Security by obscurity infinite redirection
It annoys me how www. is pronounced in english. Really, double-u double-u double-u dot example dot com?
How else would you say it?
"Wwwwuuuuhh dot Google dot com"?
Edit: or I guess, "world wide web" would make more sense?
In other languages, German for instance, it's pronounced kinda like "weh" or like the letter V in English. It's easier to say that way. Back in the day I sometimes said "triple double u" to not have to say it the actual, complicated way 😅
"Wuh-wuh-wuh", using pronunciation similar to the start of "wow" or "woman"
"web" would have sounded nice and clear, we also didn't name FTP the World Wide File Transfer Protocol (WWFTP).
I've heard "dub-dub-dub". But yeah, saying the abbreviation is longer than the words it's abbreviating! 😀
Same thing in French. Doublevédoublevédoublevé. So. long.
It never got over you
Just like how back in the earlier days, you didn't necessarily have to type "http://" before the www.

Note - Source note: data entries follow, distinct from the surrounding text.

text \<open>Parent source sigma_p: information is a partial map to (g, parent transition or bot).\<close>
type_synonym ('s,'l) pinfo = "'s \<Rightarrow> (real \<times> ('s,'l) trans option) option"

definition upd_p :: "('l \<Rightarrow> real) \<Rightarrow> ('s,'l) pinfo \<Rightarrow> ('s,'l) trans \<Rightarrow> ('s,'l) pinfo" where
  "upd_p c \<iota> t = (case t of (s,l,s') \<Rightarrow>
     (case \<iota> s of None \<Rightarrow> \<iota>
      | Some (g,_) \<Rightarrow> if \<iota> s' = None \<or> g + c l \<le> fst (the (\<iota> s'))
                      then \<iota>(s' \<mapsto> (g + c l, Some t)) else \<iota>))"

text \<open>Configuration of Dynamic A*; hist records, for every expansion, the expanded state
  together with its g-value at the beginning of that iteration.\<close>
record ('s,'l,'i) cfg =
  pinf :: "('s,'l) pinfo"
  hinf :: 'i
  known :: "'s set"
  closed :: "'s set"
  opn :: "('s \<times> real \<times> ereal) multiset"
  hist :: "('s \<times> real) list"

definition gval :: "('s,'l,'i,'x) cfg_scheme \<Rightarrow> 's \<Rightarrow> real" where
  "gval C s = fst (the (pinf C s))"

definition prio :: "'s \<times> real \<times> ereal \<Rightarrow> ereal" where
  "prio e = (case e of (s,g,hh) \<Rightarrow> ereal g + hh)"

definition da_init :: "'s \<Rightarrow> 'i \<Rightarrow> ('s \<Rightarrow> 'i \<Rightarrow> ereal) \<Rightarrow> ('s,'l,'i) cfg" where
  "da_init sI iota0 h =
     \<lparr> pinf = [sI \<mapsto> (0, None)], hinf = iota0, known = {sI}, closed = {},
       opn = (if h sI iota0 < \<infinity> then {#(sI, 0, h sI iota0)#} else {#}), hist = [] \<rparr>"

definition succ_step ::
  "('l \<Rightarrow> real) \<Rightarrow> ('i \<Rightarrow> ('s,'l) trans \<Rightarrow> 'i) \<Rightarrow> ('s \<Rightarrow> 'i \<Rightarrow> ereal)
    \<Rightarrow> ('s,'l) trans \<Rightarrow> ('s,'l,'i) cfg \<Rightarrow> ('s,'l,'i) cfg" where
  "succ_step c upd h t C = (case t of (s,l,s') \<Rightarrow>
     (let old = (if s' \<in> known C then Some (gval C s') else None);
          C1 = C\<lparr>pinf := upd_p c (pinf C) t, hinf := upd (hinf C) t, known := insert s' (known C)\<rparr>;
          hv = h s' (hinf C1);
          gn = gval C1 s'
      in if hv = \<infinity> then C1
         else if old = None then C1\<lparr>opn := opn C1 + {#(s', gn, hv)#}\<rparr>
         else if the old > gn then C1\<lparr>closed := closed C1 - {s'}, opn := opn C1 + {#(s', gn, hv)#}\<rparr>
         else C1))"

text \<open>Nondeterminism covers tie-breaking and the order of successor transitions.
  An iteration expanding a goal state returns, hence has no successor configuration.\<close>
inductive da_step ::
  "('l \<Rightarrow> real) \<Rightarrow> ('s,'l) trans set \<Rightarrow> 's set \<Rightarrow> ('i \<Rightarrow> ('s,'l) trans \<Rightarrow> 'i) \<Rightarrow> ('i \<Rightarrow> 's \<Rightarrow> 'i)
    \<Rightarrow> ('s \<Rightarrow> 'i \<Rightarrow> ereal) \<Rightarrow> bool \<Rightarrow> ('s,'l,'i) cfg \<Rightarrow> ('s,'l,'i) cfg \<Rightarrow> bool"
  for c T SG upd refine h reeval where
  skip: "\<lbrakk> e \<in># opn C; \<forall>e'\<in>#opn C. prio e \<le> prio e'; e = (s, gh, hh); s \<in> closed C \<rbrakk>
     \<Longrightarrow> da_step c T SG upd refine h reeval C (C\<lparr>opn := opn C - {#e#}\<rparr>)"
| reeval: "\<lbrakk> e \<in># opn C; \<forall>e'\<in>#opn C. prio e \<le> prio e'; e = (s, gh, hh); s \<notin> closed C;
             \<iota>1 = refine (hinf C) s; reeval; hh < h s \<iota>1 \<rbrakk>
     \<Longrightarrow> da_step c T SG upd refine h reeval C
           (C\<lparr>hinf := \<iota>1, opn := opn C - {#e#} +
               (if h s \<iota>1 < \<infinity> then {#(s, gval C s, h s \<iota>1)#} else {#})\<rparr>)"
| expand: "\<lbrakk> e \<in># opn C; \<forall>e'\<in>#opn C. prio e \<le> prio e'; e = (s, gh, hh); s \<notin> closed C;
             \<iota>1 = refine (hinf C) s; \<not> (reeval \<and> hh < h s \<iota>1); s \<notin> SG;
             distinct ts; set ts = {t \<in> T. fst t = s} \<rbrakk>
     \<Longrightarrow> da_step c T SG upd refine h reeval C
           (fold (succ_step c upd h) ts
              (C\<lparr>hinf := \<iota>1, opn := opn C - {#e#}, closed := insert s (closed C),
                  hist := hist C @ [(s, gval C s)]\<rparr>))"
(* Let $U\sim\mathrm{unif}(0,1)$. For all $n\ge1$, $$b_n:=\big\|C_n(\lceil nU\rceil)-C(U)\big\|_2\le \Big(3+\frac{2\pi}{\sqrt3}\Big)\frac1n<\frac{6.63}{n}.$$
   Context: Let $H_n=\sum_{k=1}^n 1/k$ and $\mu_n := 2(n+1)H_n-4n$ for $n\ge0$; this is the expected number of comparisons of randomized Quicksort on $n$ distinct numbers. For $n\ge1$ and $1\le i\le n$, define $$C_n(i):=\frac{n-1}{n}+\frac1n\big(\mu_{i-1}+\mu_{n-i}-\mu_n\big).$$ Define $C(u):=2u\ln u+2(1-u)\ln(1-u)+1$ for $u\in[0,1]$, with $C(0)=C(1)=1$. $\|\cdot\|_2$ denotes the $L^2$ norm. *)

theory Defs
  imports "HOL-Analysis.Analysis" "HOL-Probability.Probability"
begin

definition H :: "nat \<Rightarrow> real" where
  "H n = (\<Sum>k=1..n. 1 / real k)"

definition mu :: "nat \<Rightarrow> real" where
  "mu n = 2 * (real n + 1) * H n - 4 * real n"

definition Cn :: "nat \<Rightarrow> nat \<Rightarrow> real" where
  "Cn n i = (real n - 1) / real n + (mu (i - 1) + mu (n - i) - mu n) / real n"

definition Cfun :: "real \<Rightarrow> real" where
  "Cfun u = (if u = 0 \<or> u = 1 then 1 else 2 * u * ln u + 2 * (1 - u) * ln (1 - u) + 1)"

definition b :: "nat \<Rightarrow> real" where
  "b n = sqrt (\<integral>u. (Cn n (nat \<lceil>real n * u\<rceil>) - Cfun u)\<^sup>2 \<partial>(uniform_measure lborel {0..1}))"

end

theory Submission
  imports Defs "HOL-Real_Asymp.Real_Asymp"
begin
abbreviation principal_index_sets :: "nat \<Rightarrow> nat set set" where
  "principal_index_sets n \<equiv> {I. I \<subseteq> {..<n} \<and> I \<noteq> {}}"

lemma finite_principal_index_sets: "finite (principal_index_sets n)"
  by (rule finite_subset[of _ "Pow {..<n}"]) auto

definition minor_hypersurface :: "nat \<Rightarrow> complex mat set" where
  "minor_hypersurface n =
     {A \<in> sym_complex n. (\<Prod>I \<in> principal_index_sets n. det (submatrix A I I)) = 0}"

lemma minor_hypersurface_iff:
  "A \<in> minor_hypersurface n \<longleftrightarrow>
     A \<in> sym_complex n \<and> (\<exists>I \<in> principal_index_sets n. det (submatrix A I I) = 0)"
  unfolding minor_hypersurface_def using finite_principal_index_sets by simp

lemma minor_hypersurface_closed: "zariski_closed n (minor_hypersurface n)"
proof -
  define f where "f = (\<lambda>A. \<Prod>I \<in> principal_index_sets n. minor_poly I A)"
  have f: "f \<in> poly_fun n" unfolding f_def
    by (rule poly_fun_prod[OF finite_principal_index_sets]) (auto intro: minor_poly_poly_fun)
  have "minor_hypersurface n = {A \<in> sym_complex n. \<forall>p\<in>{f}. p A = 0}"
    unfolding minor_hypersurface_def
  proof (intro Collect_cong conj_cong refl)
    fix A assume "A \<in> sym_complex n"
    then have A: "A \<in> carrier_mat n n" by (simp add: sym_complex_def)
    show "((\<Prod>I \<in> principal_index_sets n. det (submatrix A I I)) = 0) = (\<forall>p\<in>{f}. p A = 0)"
      unfolding f_def using minor_poly_eq_det[OF A] by (simp cong: prod.cong)
  qed
  then show ?thesis unfolding zariski_closed_def using f by blast
qed

section \<open>Quadratic forms in coordinates\<close>

definition bform :: "nat \<Rightarrow> real mat \<Rightarrow> (nat \<Rightarrow> real) \<Rightarrow> (nat \<Rightarrow> real) \<Rightarrow> real" where
  "bform n A x y = (\<Sum>i<n. \<Sum>j<n. x i * A $$ (i,j) * y j)"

In the earliest days you absolutely did, it became optional later; especially once gopher:// stopped being a thing
It became assumed.
The article seems to not understand the difference between a subdomain and a name.
No pont in reading.
There's no WWW anymore. There's content and there are Internet platforms. You should consume content and and hold your breath for what platforms have for you, as part of a crowd many-many times bigger than the one at Mecca. Not G-d forbid host websites and visit them, read what others have to say, see culture and history of something real.
Guys I don't think they read the article
They did. They are not obligated by any rule to limit their associations like some dumb apes do
Originally the idea was that you would have a domain and then have a host under that domain for each service (e.g. mail.example.net, ftp.example.net, www.example.net,...). Of course eventually the web was used by a lot more people this directly than any other service so the main domain was also configured to point at the web server and then people added a redirect either in one direction (add www.) or the other (remove www.) on the first request.

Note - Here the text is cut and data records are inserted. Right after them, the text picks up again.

lemma colour_sum_fibre_le:
  assumes fin: "finite R" and A: "A \<subseteq> R" and u0: "u0 < N" and h0: "h 0 = 1" and hnn: "\<And>n. 0 \<le> h n"
  shows "(\<Sum>g\<in>{g \<in> R \<rightarrow>\<^sub>E {..<N}. {c\<in>R. g c = u0} = A}. \<Prod>u\<in>{..<N}-{u0}. h (load l R g u))
         \<le> colour_sum h N l (R - A)"
proof -
  let ?F = "{g \<in> R \<rightarrow>\<^sub>E {..<N}. {c\<in>R. g c = u0} = A}"
  let ?Q = "\<lambda>g'. \<Prod>u<N. h (load l (R - A) g' u)"
  have restrict_eq: "(\<Prod>u\<in>{..<N}-{u0}. h (load l R g u)) = ?Q (restrict g (R - A))" if g: "g \<in> ?F" for g
  proof -
    have "load l (R - A) (restrict g (R - A)) u = load l R g u" if "u \<noteq> u0" for u
      unfolding load_def using g that by (intro arg_cong[where f="sum l"]) auto
    moreover have "load l (R - A) (restrict g (R - A)) u0 = 0"
      unfolding load_def using g by (auto intro: sum.neutral)
    ultimately show ?thesis
      using u0 h0 by (auto simp: prod.remove[of "{..<N}" u0] intro!: prod.cong)
  qed
  have "inj_on (\<lambda>g. restrict g (R - A)) ?F"
  proof (rule inj_onI, rule ext)
    fix g1 g2 c assume g: "g1 \<in> ?F" "g2 \<in> ?F" and eq: "restrict g1 (R - A) = restrict g2 (R - A)"
    consider "c \<in> A" | "c \<in> R - A" | "c \<notin> R" using A by blast
    then show "g1 c = g2 c"
    proof cases
      case 1
      then have "g1 c = u0" "g2 c = u0" using g by (simp_all add: set_eq_iff) blast+
      then show ?thesis by simp
    next
      case 2
      then show ?thesis using fun_cong[OF eq, of c] by simp
    qed (use g in \<open>auto simp: PiE_def extensional_def\<close>)
  qed
  have "(\<Sum>g\<in>?F. \<Prod>u\<in>{..<N}-{u0}. h (load l R g u)) = (\<Sum>g\<in>?F. ?Q (restrict g (R - A)))"
    using restrict_eq by (rule sum.cong[OF refl])
  also have "\<dots> = (\<Sum>g'\<in>(\<lambda>g. restrict g (R - A)) ` ?F. ?Q g')"
    using \<open>inj_on _ ?F\<close> by (simp add: sum.reindex)
  also have "\<dots> \<le> (\<Sum>g'\<in>(R - A) \<rightarrow>\<^sub>E {..<N}. ?Q g')"
    using fin by (intro sum_mono2 finite_PiE prod_nonneg hnn) (auto simp: PiE_def Pi_def)
  finally show ?thesis
    unfolding colour_sum_def .
qed

text \<open>\<open>A\<close> is the set of the other items that get the colour of \<open>c0\<close>.\<close>

lemma colour_sum_insert_le:
  assumes fin: "finite R" and c0: "c0 \<notin> R" and h0: "h 0 = 1" and hnn: "\<And>n. 0 \<le> h n"
  shows "colour_sum h N l (insert c0 R)
           \<le> real N * (\<Sum>A\<in>Pow R. h (l c0 + sum l A) * colour_sum h N l (R - A))"
proof -
  let ?P = "\<lambda>g u0. \<Prod>u\<in>{..<N}-{u0}. h (load l R g u)"
  have load_upd: "load l (insert c0 R) (g(c0 := u0)) u = (if u = u0 then l c0 else 0) + load l R g u"
    for g u0 u
  proof -
    have "{c \<in> insert c0 R. (g(c0 := u0)) c = u} =
          (if u = u0 then insert c0 {c\<in>R. g c = u} else {c\<in>R. g c = u})"
      using c0 by auto
    then show ?thesis unfolding load_def using fin c0 by auto
  qed
  have prod_upd: "(\<Prod>u<N. h (load l (insert c0 R) (g(c0 := u0)) u)) = h (l c0 + load l R g u0) * ?P g u0"
    if "u0 < N" for g u0
    using that by (auto simp: prod.remove[of "{..<N}" u0] load_upd intro!: prod.cong)
  have "colour_sum h N l (insert c0 R)
      = (\<Sum>u0<N. \<Sum>g\<in>R \<rightarrow>\<^sub>E {..<N}. \<Prod>u<N. h (load l (insert c0 R) (g(c0 := u0)) u))"
    unfolding colour_sum_def PiE_insert_eq
    by (subst sum.reindex) (use inj_combinator[OF c0, of "\<lambda>_. {..<N}"] in
        \<open>auto simp: comp_def sum.cartesian_product case_prod_unfold\<close>)
  also have "\<dots> = (\<Sum>u0<N. \<Sum>g\<in>R \<rightarrow>\<^sub>E {..<N}. h (l c0 + load l R g u0) * ?P g u0)"
    using prod_upd by (intro sum.cong) auto
  also have "\<dots> \<le> (\<Sum>u0<N. \<Sum>A\<in>Pow R. h (l c0 + sum l A) * colour_sum h N l (R - A))"
  proof (intro sum_mono)
    fix u0 assume u0: "u0 \<in> {..<N}"
    have "(\<Sum>g\<in>R \<rightarrow>\<^sub>E {..<N}. h (l c0 + load l R g u0) * ?P g u0) =
      (\<Sum>A\<in>Pow R. \<Sum>g\<in>{g \<in> R \<rightarrow>\<^sub>E {..<N}. {c\<in>R. g c = u0} = A}. h (l c0 + load l R g u0) * ?P g u0)"
      using fin by (intro sum.group[symmetric]) (auto intro: finite_PiE)
    also have "\<dots> = (\<Sum>A\<in>Pow R. h (l c0 + sum l A) *
                       (\<Sum>g\<in>{g \<in> R \<rightarrow>\<^sub>E {..<N}. {c\<in>R. g c = u0} = A}. ?P g u0))"
      by (intro sum.cong refl) (auto simp: sum_distrib_left load_def intro!: sum.cong)
    also have "\<dots> \<le> (\<Sum>A\<in>Pow R. h (l c0 + sum l A) * colour_sum h N l (R - A))"
      using u0 by (intro sum_mono mult_left_mono colour_sum_fibre_le fin h0 hnn) auto
    finally show "(\<Sum>g\<in>R \<rightarrow>\<^sub>E {..<N}. h (l c0 + load l R g u0) * ?P g u0) \<le> \<dots>" .
  qed
  finally show ?thesis by simp
qed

The final piece is that often each of those services would be on a different computer entirely, each with a different public IP address. Otherwise the port is sufficient to sperate most services on a common domain.
There was a good long while where IP addresses were still unutilized enough that there was no reason to even try being conservative.

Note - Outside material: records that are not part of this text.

lemma norm_exp_sum_le_trig:
  fixes w :: "nat \<Rightarrow> real"
  shows "norm (\<Sum>n\<in>L. of_real (w n) * e (real n * t))
    \<le> \<bar>\<Sum>n\<in>L. trig True (real n * t) * w n\<bar> + \<bar>\<Sum>n\<in>L. trig False (real n * t) * w n\<bar>"
  using cmod_le[of "\<Sum>n\<in>L. of_real (w n) * e (real n * t)"]
  by (simp add: e_cis trig_def mult_ac)

lemma norm_exp_sum_le_length:
  fixes w :: "nat \<Rightarrow> real" assumes "\<And>n. \<bar>w n\<bar> \<le> 1"
  shows "norm (\<Sum>n=1..K. of_real (w n) * e (real n * t)) \<le> real K"
proof -
  have "norm (\<Sum>n=1..K. of_real (w n) * e (real n * t)) \<le> (\<Sum>n=1..K. norm (of_real (w n) * e (real n * t)))"
    by (rule norm_sum)
  also have "\<dots> \<le> (\<Sum>n=1..K. 1)"
    by (intro sum_mono) (simp add: norm_mult assms)
  finally show ?thesis by simp
qed

lemma exp_sum_perturb:
  fixes w :: "nat \<Rightarrow> real"
  assumes w: "\<And>n. \<bar>w n\<bar> \<le> 1" and K: "K \<le> N" and N: "N \<ge> 1" and ts: "\<bar>t - s\<bar> \<le> 1 / real (N^2)"
  shows "norm ((\<Sum>n=1..K. of_real (w n) * e (real n * t)) - (\<Sum>n=1..K. of_real (w n) * e (real n * s))) \<le> 2 * pi"
proof -
  have each: "norm (of_real (w n) * (e (real n * t) - e (real n * s))) \<le> 2 * pi / real N"
    if n: "n \<in> {1..K}" for n
  proof -
    have "norm (of_real (w n) * (e (real n * t) - e (real n * s))) \<le> 1 * (2 * pi * \<bar>real n * t - real n * s\<bar>)"
      unfolding norm_mult by (intro mult_mono norm_e_diff_le) (auto simp: w)
    also have "\<bar>real n * t - real n * s\<bar> = real n * \<bar>t - s\<bar>"
      by (simp add: abs_mult flip: right_diff_distrib)
    also have "\<dots> \<le> real N * (1 / real (N^2))"
      using n K ts by (intro mult_mono) auto
    also have "\<dots> = 1 / real N" using N by (simp add: power2_eq_square)
    finally show ?thesis by simp
  qed
  have "norm ((\<Sum>n=1..K. of_real (w n) * e (real n * t)) - (\<Sum>n=1..K. of_real (w n) * e (real n * s)))
      \<le> (\<Sum>n=1..K. norm (of_real (w n) * (e (real n * t) - e (real n * s))))"
    unfolding sum_subtractf[symmetric] right_diff_distrib[symmetric] by (rule norm_sum)
  also have "\<dots> \<le> real K * (2 * pi / real N)"
    using sum_bounded_above[of "{1..K}", OF each] by simp
  also have "\<dots> \<le> real N * (2 * pi / real N)"
    using K by (intro mult_right_mono) auto
  finally show ?thesis using N by simp
qed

Originally there also wasn't any name-based virtual hosting, especially in SSL/TLS-based services like HTTPS so you needed one IP per name if you wanted to host multiple websites.
And part of the disappearance of www. now is probably that strange decision by Chrome to hide it.
Well also at one point www.domain.com may have actually been a single physical server. That hasn't been true for sites of any size in a long time.
Yes that's what the article said.
Yeah, but in many, many more words than necessary to be honest.